━━ Listed entries ━━
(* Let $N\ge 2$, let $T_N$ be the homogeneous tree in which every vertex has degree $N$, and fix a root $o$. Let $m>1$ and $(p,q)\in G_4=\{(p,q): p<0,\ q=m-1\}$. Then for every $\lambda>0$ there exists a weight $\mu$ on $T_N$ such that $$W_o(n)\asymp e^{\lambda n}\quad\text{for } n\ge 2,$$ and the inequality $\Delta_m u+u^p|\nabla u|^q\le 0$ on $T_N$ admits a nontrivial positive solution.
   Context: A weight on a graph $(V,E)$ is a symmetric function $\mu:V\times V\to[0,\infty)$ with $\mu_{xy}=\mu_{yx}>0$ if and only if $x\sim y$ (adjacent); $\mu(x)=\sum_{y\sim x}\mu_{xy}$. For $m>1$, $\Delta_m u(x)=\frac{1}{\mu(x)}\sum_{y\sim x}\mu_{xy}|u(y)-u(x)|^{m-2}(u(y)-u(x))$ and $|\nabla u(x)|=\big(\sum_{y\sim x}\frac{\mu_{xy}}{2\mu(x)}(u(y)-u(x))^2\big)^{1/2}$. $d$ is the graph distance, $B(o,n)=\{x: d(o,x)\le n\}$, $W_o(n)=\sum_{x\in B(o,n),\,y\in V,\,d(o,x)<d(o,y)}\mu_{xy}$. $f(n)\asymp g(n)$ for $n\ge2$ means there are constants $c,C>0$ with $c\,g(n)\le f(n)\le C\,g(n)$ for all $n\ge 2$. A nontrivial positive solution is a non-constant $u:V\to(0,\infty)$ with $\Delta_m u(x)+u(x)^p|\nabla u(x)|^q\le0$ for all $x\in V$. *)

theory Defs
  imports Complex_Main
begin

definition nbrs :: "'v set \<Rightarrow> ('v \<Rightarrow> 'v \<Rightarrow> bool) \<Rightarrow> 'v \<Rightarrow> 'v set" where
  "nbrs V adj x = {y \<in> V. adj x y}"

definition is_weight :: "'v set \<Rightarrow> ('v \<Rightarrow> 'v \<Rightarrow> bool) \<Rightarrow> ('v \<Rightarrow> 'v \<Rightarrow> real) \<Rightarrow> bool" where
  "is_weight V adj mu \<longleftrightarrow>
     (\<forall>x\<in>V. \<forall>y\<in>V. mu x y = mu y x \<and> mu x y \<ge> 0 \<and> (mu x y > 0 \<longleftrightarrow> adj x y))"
━━━
━━ Listed entries ━━
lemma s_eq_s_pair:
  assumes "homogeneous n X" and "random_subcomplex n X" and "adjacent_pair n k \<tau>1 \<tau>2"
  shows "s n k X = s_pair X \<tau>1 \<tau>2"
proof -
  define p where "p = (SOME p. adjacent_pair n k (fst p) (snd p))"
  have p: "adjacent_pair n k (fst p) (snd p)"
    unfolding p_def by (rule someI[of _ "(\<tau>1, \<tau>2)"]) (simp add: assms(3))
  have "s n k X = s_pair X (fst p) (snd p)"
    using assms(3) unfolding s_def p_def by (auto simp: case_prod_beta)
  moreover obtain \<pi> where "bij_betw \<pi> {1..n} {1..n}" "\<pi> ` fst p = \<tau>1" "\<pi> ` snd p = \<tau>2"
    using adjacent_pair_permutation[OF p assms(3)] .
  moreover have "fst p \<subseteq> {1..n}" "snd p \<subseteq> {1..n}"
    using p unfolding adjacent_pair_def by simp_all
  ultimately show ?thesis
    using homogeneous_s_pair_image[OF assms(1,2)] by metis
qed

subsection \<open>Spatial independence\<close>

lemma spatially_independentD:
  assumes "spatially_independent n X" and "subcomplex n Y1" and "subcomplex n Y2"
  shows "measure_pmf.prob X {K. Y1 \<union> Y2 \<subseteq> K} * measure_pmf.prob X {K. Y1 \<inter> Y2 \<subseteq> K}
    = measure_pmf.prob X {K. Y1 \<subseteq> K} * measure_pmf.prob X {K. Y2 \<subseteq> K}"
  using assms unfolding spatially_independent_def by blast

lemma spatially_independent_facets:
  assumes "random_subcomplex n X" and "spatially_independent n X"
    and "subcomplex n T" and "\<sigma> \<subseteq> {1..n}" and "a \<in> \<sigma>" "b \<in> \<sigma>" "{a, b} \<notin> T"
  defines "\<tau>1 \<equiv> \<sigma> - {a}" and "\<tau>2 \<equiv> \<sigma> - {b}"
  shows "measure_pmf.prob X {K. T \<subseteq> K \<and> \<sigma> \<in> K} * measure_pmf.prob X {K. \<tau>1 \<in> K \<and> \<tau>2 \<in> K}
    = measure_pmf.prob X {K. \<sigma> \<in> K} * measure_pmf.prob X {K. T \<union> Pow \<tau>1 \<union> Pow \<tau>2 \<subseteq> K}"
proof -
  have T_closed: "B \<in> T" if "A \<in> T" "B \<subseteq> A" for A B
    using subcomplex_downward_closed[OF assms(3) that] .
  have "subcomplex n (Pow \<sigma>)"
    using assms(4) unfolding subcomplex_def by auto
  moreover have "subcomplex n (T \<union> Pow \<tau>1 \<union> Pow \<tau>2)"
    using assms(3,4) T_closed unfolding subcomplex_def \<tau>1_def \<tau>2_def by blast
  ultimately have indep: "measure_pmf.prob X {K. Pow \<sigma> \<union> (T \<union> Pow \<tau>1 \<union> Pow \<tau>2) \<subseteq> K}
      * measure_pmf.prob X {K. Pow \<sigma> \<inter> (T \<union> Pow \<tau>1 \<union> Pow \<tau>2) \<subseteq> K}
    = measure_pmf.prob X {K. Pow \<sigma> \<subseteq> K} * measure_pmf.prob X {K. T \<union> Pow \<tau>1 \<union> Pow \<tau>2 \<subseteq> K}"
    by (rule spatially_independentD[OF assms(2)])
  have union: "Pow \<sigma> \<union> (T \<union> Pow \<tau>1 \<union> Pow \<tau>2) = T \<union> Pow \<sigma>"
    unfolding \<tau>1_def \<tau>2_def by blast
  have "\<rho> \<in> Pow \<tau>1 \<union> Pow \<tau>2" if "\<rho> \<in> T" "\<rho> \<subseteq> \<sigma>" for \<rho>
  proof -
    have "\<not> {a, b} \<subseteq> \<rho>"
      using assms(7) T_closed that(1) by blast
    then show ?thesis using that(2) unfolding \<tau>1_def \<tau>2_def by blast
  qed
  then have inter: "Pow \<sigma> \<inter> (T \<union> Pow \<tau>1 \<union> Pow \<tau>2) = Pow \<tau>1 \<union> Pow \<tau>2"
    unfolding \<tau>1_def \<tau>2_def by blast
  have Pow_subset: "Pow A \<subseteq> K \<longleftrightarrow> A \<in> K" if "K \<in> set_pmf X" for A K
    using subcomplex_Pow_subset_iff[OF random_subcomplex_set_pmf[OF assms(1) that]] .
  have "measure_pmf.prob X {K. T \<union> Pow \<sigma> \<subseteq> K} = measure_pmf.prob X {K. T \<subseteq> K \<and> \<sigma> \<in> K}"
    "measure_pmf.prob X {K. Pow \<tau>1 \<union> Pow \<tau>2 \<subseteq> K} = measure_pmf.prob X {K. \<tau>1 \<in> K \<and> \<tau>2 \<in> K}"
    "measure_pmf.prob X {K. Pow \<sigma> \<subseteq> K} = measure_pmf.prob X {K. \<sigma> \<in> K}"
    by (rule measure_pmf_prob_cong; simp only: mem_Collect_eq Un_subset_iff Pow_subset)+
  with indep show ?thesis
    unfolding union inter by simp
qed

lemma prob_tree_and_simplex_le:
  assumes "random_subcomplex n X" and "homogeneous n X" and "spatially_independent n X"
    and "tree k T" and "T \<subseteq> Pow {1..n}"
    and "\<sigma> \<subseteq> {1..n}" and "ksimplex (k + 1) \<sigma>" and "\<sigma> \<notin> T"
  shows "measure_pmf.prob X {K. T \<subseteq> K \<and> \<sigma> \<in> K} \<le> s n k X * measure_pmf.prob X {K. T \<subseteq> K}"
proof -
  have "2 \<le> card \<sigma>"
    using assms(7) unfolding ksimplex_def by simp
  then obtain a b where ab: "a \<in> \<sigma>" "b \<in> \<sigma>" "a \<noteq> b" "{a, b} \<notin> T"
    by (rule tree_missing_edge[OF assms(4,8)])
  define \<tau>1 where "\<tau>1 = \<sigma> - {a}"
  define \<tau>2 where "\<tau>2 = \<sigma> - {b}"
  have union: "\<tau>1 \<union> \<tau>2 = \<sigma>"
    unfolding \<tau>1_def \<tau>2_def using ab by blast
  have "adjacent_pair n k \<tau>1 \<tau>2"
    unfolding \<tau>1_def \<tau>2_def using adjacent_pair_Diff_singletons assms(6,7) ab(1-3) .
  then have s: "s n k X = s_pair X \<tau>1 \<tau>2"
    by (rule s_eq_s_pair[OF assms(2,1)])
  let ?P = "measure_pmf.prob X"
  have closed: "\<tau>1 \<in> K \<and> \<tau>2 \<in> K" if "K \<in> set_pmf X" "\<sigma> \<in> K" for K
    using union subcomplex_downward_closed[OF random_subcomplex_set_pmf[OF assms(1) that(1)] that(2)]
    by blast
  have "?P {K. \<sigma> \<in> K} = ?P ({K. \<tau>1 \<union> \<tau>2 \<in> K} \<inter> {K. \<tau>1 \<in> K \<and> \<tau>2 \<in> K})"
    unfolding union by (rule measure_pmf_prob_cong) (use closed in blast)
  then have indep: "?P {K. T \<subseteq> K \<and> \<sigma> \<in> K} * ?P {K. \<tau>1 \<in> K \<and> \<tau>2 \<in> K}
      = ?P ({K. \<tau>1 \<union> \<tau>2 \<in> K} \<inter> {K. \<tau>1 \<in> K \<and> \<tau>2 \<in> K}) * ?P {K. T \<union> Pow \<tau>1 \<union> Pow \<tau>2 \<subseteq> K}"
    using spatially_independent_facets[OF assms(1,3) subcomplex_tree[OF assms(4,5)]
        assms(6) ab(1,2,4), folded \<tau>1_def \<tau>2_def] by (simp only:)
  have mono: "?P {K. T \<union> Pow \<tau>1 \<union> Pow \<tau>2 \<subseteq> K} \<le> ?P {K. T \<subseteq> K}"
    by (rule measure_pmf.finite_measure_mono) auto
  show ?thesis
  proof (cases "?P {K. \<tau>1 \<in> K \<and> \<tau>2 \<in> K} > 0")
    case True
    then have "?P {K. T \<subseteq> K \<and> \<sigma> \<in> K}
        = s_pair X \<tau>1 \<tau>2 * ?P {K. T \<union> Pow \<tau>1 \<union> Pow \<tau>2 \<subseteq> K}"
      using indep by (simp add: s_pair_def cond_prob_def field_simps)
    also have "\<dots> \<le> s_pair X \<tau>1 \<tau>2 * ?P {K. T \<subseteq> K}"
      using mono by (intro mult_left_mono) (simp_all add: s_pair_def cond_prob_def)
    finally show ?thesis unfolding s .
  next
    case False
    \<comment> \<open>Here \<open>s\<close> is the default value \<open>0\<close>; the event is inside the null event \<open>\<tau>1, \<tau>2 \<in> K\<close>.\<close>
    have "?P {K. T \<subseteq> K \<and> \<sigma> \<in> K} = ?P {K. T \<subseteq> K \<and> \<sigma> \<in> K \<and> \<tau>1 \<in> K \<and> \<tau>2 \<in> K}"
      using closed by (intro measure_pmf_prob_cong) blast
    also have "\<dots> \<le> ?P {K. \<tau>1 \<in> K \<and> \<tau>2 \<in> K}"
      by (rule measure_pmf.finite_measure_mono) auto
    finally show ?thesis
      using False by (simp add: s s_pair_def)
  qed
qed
━━━
# What you are asked to do
Wherever the word "moreover" occurs in the data above, copy the line it sits in.

# Response to the exercise
  moreover obtain \<pi> where "bij_betw \<pi> {1..n} {1..n}" "\<pi> ` fst p = \<tau>1" "\<pi> ` snd p = \<tau>2"
  moreover have "fst p \<subseteq> {1..n}" "snd p \<subseteq> {1..n}"
  moreover have "subcomplex n (T \<union> Pow \<tau>1 \<union> Pow \<tau>2)"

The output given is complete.